In the eyes of many, Novgorod itself is invoked as an example of a political or economic alternative to the patterns in which Russia developed under the Tsars and Soviets. The political liberties embodied in the popular assembly, the veche, are presumed to have survived right down to the final conquest of Novgorod by Moscow Grand Prince Ivan III in 1478, even though in fact long before real control of city government had passed into the hands of a wealthy oligarchy. A sixteenth-century miniaturist shows the veche bell being taken away to Moscow. At the time of the Moscow assault, in Novgorod itself the past was being invoked. Icon painters depicted the assault on the city back in 1169 by the troops of Suzdal prince Andrei Bogoliubskii. The assault failed, thanks to the intercession of the Virgin Mary, whose Icon of the Sign was placed on the walls to protect the city. The icon came to be the most venerated one in Novgorod and an important representation of the idea that the city enjoyed Divine protection. Novgorod's commercial acumen and its foreign trade connections - both very real - did not survive the Muscovite conquest by much, and the same Ivan III closed the offices of the Hanseatic League in Novgorod in 1494. So, according to the mythology, the opportunity for Russia to have developed along a democratic path on the road to modern capitalism was lost. Instead the country has endured authoritarian rule and state mismanagement of the economy. Among those who most idealized Novgorod were the military officers involved in the Decembrist revolt in 1825, since their goal was to establish in Russia a constitutional regime that would ensure political freedoms. A modern argument juxtaposing the good Novgorod against the bad Moscow can be found in the article by the American historian Thomas Owen.

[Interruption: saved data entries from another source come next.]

(* Let $\mathcal{X}$ be an infinite domain and $l\ge1$ an integer. Then for every integer $m\ge0$ there exists an $(l-1,m)$-difficult extended mistake tree with respect to $\mathcal{C}^l$ all of whose dashed edges are labeled $+1$ (i.e. go to the right child).
   Context: $\mathcal{C}^l$ is the class of functions $\mathcal{X}\to\{-1,+1\}$ of the form $x\mapsto1-2I(x\in D)$ with $D\subseteq\mathcal{X}$, $|D|\le l$. Extended mistake tree w.r.t. a class $\mathcal{H}$: a finite full binary tree (possibly a single leaf) in which each internal node $v$ is labeled by $x_v\in\mathcal{X}$ and has two solid downward edges, to its left child (label $-1$) and right child (label $+1$), plus one dashed downward edge to one of its two children, whose label is the label of that child's direction; each leaf is labeled by some $h\in\mathcal{H}$ with $h(x_v)$ equal to the direction label at every internal node $v$ on the root-to-leaf path. A root-to-leaf path chooses at each internal node one downward edge; its length is its number of edges. The tree is $(k,m)$-difficult if every root-to-leaf path using at most $k$ solid edges has length at least $m$. *)

theory Defs
  imports Main
begin

definition C_class :: "nat \<Rightarrow> ('x \<Rightarrow> int) set" where
  "C_class l = {h. \<exists>D. finite D \<and> card D \<le> l \<and> h = (\<lambda>x. 1 - 2 * (if x \<in> D then 1 else 0))}"

text \<open>Extended mistake trees. Node x d L R: internal node labelled x, left child L (label -1),
  right child R (label +1); the dashed edge goes to R if d = True (label +1), to L otherwise.\<close>
datatype ('x, 'h) emtree = Leaf 'h | Node 'x bool "('x, 'h) emtree" "('x, 'h) emtree"

fun em_valid :: "('x \<Rightarrow> int) set \<Rightarrow> ('x \<times> int) list \<Rightarrow> ('x, 'x \<Rightarrow> int) emtree \<Rightarrow> bool" where
  "em_valid H cs (Leaf h) = (h \<in> H \<and> (\<forall>(x, y) \<in> set cs. h x = y))"
| "em_valid H cs (Node x d L R) = (em_valid H ((x, -1) # cs) L \<and> em_valid H ((x, 1) # cs) R)"

definition extended_mistake_tree :: "('x \<Rightarrow> int) set \<Rightarrow> ('x, 'x \<Rightarrow> int) emtree \<Rightarrow> bool" where
  "extended_mistake_tree H t = em_valid H [] t"

text \<open>Root-to-leaf paths, recorded as (number of solid edges, length).\<close>
fun em_paths :: "('x, 'h) emtree \<Rightarrow> (nat \<times> nat) set" where
  "em_paths (Leaf h) = {(0, 0)}"
| "em_paths (Node x d L R) =
     {(s + 1, n + 1) | s n. (s, n) \<in> em_paths L}
   \<union> {(s + 1, n + 1) | s n. (s, n) \<in> em_paths R}
   \<union> {(s, n + 1) | s n. (s, n) \<in> em_paths (if d then R else L)}"

definition difficult :: "nat \<Rightarrow> nat \<Rightarrow> ('x, 'h) emtree \<Rightarrow> bool" where
  "difficult k m t = (\<forall>(s, n) \<in> em_paths t. s \<le> k \<longrightarrow> m \<le> n)"

fun dashed_all_right :: "('x, 'h) emtree \<Rightarrow> bool" where
  "dashed_all_right (Leaf h) = True"
| "dashed_all_right (Node x d L R) = (d \<and> dashed_all_right L \<and> dashed_all_right R)"

end

theory Submission
  imports Defs
begin

text \<open>Enumerate distinct points x_0, x_1, ... of the infinite domain and query x_d at depth d.
  Every node carries a set D of at most l points, starting from D = {} and with leaf hypothesis
  x \<mapsto> 1 - 2 I(x \<in> D). The left (label -1) child adds the fresh query point to D; the right child,
  which is also the dashed one, keeps D. A branch is cut off once l points have been added, i.e.
  only after l solid left edges, so every path with at most l - 1 solid edges reaches depth m.\<close>

definition sign_hyp :: "'x set \<Rightarrow> 'x \<Rightarrow> int" where
  "sign_hyp D = (\<lambda>x. 1 - 2 * (if x \<in> D then 1 else 0))"

lemma sign_hyp_in_C_class: "finite D \<Longrightarrow> card D \<le> l \<Longrightarrow> sign_hyp D \<in> C_class l"
  unfolding C_class_def sign_hyp_def by auto

text \<open>budget_tree f D j n d: depth at most n, at most j further points may join D,
  next query point f d.\<close>
fun budget_tree :: "(nat \<Rightarrow> 'x) \<Rightarrow> 'x set \<Rightarrow> nat \<Rightarrow> nat \<Rightarrow> nat \<Rightarrow> ('x, 'x \<Rightarrow> int) emtree" where
  "budget_tree f D j 0 d = Leaf (sign_hyp D)"
| "budget_tree f D j (Suc n) d =
     (if j = 0 then Leaf (sign_hyp D)
      else Node (f d) True (budget_tree f (insert (f d) D) (j - 1) n (Suc d))
                           (budget_tree f D j n (Suc d)))"

lemma dashed_all_right_budget_tree: "dashed_all_right (budget_tree f D j n d)"
  by (induction n arbitrary: D j d) auto

lemma em_paths_budget_tree:
  "(s, k) \<in> em_paths (budget_tree f D j n d) \<Longrightarrow> k = n \<or> j \<le> s"
proof (induction n arbitrary: D j d s k)
  case (Suc n)
  then show ?case
    by (cases "j = 0") (auto dest!: Suc.IH)
qed simp

lemma em_valid_budget_tree:
  assumes "inj f" "finite D" "card D + j \<le> l" "D \<subseteq> f ` {..<d}"
    and "\<forall>(x, y) \<in> set cs. x \<in> f ` {..<d} \<and> sign_hyp D x = y"
  shows "em_valid (C_class l) cs (budget_tree f D j n d)"
  using assms(2-)
proof (induction n arbitrary: D j d cs)
  case 0
  then show ?case by (auto intro: sign_hyp_in_C_class)
next
  case (Suc n)
  show ?case
  proof (cases "j = 0")
    case True
    with Suc.prems show ?thesis by (auto intro: sign_hyp_in_C_class)
  next
    case False
    have fresh: "f d \<notin> f ` {..<d}"
      using \<open>inj f\<close> by (auto dest: injD)
    with Suc.prems(3) have "f d \<notin> D" by blast
    have left: "em_valid (C_class l) ((f d, -1) # cs) (budget_tree f (insert (f d) D) (j - 1) n (Suc d))"
    proof (rule Suc.IH)
      show "card (insert (f d) D) + (j - 1) \<le> l"
        using Suc.prems(1,2) \<open>f d \<notin> D\<close> False by simp
      show "\<forall>(x, y) \<in> set ((f d, -1) # cs). x \<in> f ` {..<Suc d} \<and> sign_hyp (insert (f d) D) x = y"
        using Suc.prems(4) fresh
        by (auto simp: lessThan_Suc sign_hyp_def split: prod.splits)
    qed (use Suc.prems in \<open>auto simp: lessThan_Suc\<close>)
    have right: "em_valid (C_class l) ((f d, 1) # cs) (budget_tree f D j n (Suc d))"
    proof (rule Suc.IH)
      show "\<forall>(x, y) \<in> set ((f d, 1) # cs). x \<in> f ` {..<Suc d} \<and> sign_hyp D x = y"
        using Suc.prems(4) \<open>f d \<notin> D\<close> by (auto simp: lessThan_Suc sign_hyp_def)
    qed (use Suc.prems in \<open>auto simp: lessThan_Suc\<close>)
    from left right False show ?thesis by simp
  qed
qed

theorem mainTheorem19:
  fixes l m :: nat
  assumes "infinite (UNIV :: 'x set)" and "l \<ge> 1"
  shows "\<exists>t :: ('x, 'x \<Rightarrow> int) emtree.
           extended_mistake_tree (C_class l) t \<and> difficult (l - 1) m t \<and> dashed_all_right t"
proof -
  obtain f :: "nat \<Rightarrow> 'x" where "inj f"
    using infinite_countable_subset[OF assms(1)] by blast
  let ?t = "budget_tree f {} l m 0"
  have "extended_mistake_tree (C_class l) ?t"
    unfolding extended_mistake_tree_def
    using em_valid_budget_tree[OF \<open>inj f\<close>, of "{}" l l 0 "[]"] by simp
  moreover have "difficult (l - 1) m ?t"
    unfolding difficult_def using em_paths_budget_tree assms(2) by fastforce
  ultimately show ?thesis
    using dashed_all_right_budget_tree by blast
qed

end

Novgorod's public monuments are perhaps less well known than those of St. Petersburg. The four examples that follow - The Millennium Monument, the statue commemorating Alexandr Nevskii, the World War II memorial, and a memorial to a little-known holy woman Mariia Mikhailovna - provide some material for an exploration of their many meanings.

The Millenium Monument The Millennium Monument. Unveiled on September 8, 1862, the monument to the first Millennium of Russian History was the work of a team of sculptors, headed by Mikhail Osipovich Mikeshin. This grandiose and complex sculpture displays129 figures, whose selection was personally approved by Emperor Alexander II. The most important message of the monument is embodied at its apex, where an angel blesses a kneeling woman who symbolizes Russia. Around the imperial orb are depicted six scenes central to Russian history: the founding of the state with the coming of the first prince Riurik in 862 (the date is on his shield), the adoption of Christianity by Prince/Saint Vladimir in 988, the victory over the Tatars by Moscow Prince Dmitrii Donskoi in 1380, the unification of the Russian lands under Grand Prince Ivan III at the end of the fifteenth century, the establishment of the Romanov Dynasty with Michael Romanov being defended by Minin and Pozharskii in 1613, and Peter the Great's westernizing transformation of Russia at the beginning of the eighteenth century. The victors trample on those they defeat - Vladimir stands on pagan idols, Dmitrii Donskoi on a defeated Tatar, and Peter lords over a defeated Swede. Details of several of these scenes are below.

00novg10.jpg (45340 bytes)
St. Vladimir, Riurik,
Dmitrii Donskoi
00novg2.jpg (49445 bytes)
St. Vladimir
00novg4.jpg (46762 bytes)
Dmitrii Donskoi
00novg3.jpg (52551 bytes)
Michael Romanov

The base of the monument has a frieze depicting famous individuals connected somehow with Russian history and culture and grouped thematically: enlighteners, writers and artists, military heroes, etc. The earliest are the apostles to the Slavs, SS. Cyril and Methodius, the chronicler Nestor (11th century) is in the company of St. Sergius of Radonezh (14th century), Maksim the Greek (16th century) joins Patriarch Nikon (17th) and Feofan Prokopovych (early 18th) (all but the last are in the lower left image below). While the inclusion of Catherine the Great, surrounded by her favorites, is no surprise, the only other woman depicted is Marfa Boretskaia (looking rather disconsolate and submissive), who led the final stages of Novgorod opposition to Moscow. The prominent names in Russian culture in the eighteenth and first half of the nineteenth century are there: Lomonosov, Karamzin, Krylov, and finally Pushkin, Gogol' and Glinka (this group begins on the left in the lower right image below).. Apparently some of the transgressions that brought the writers of the Golden Age afoul of Nicholas I's censors were conveniently forgotten.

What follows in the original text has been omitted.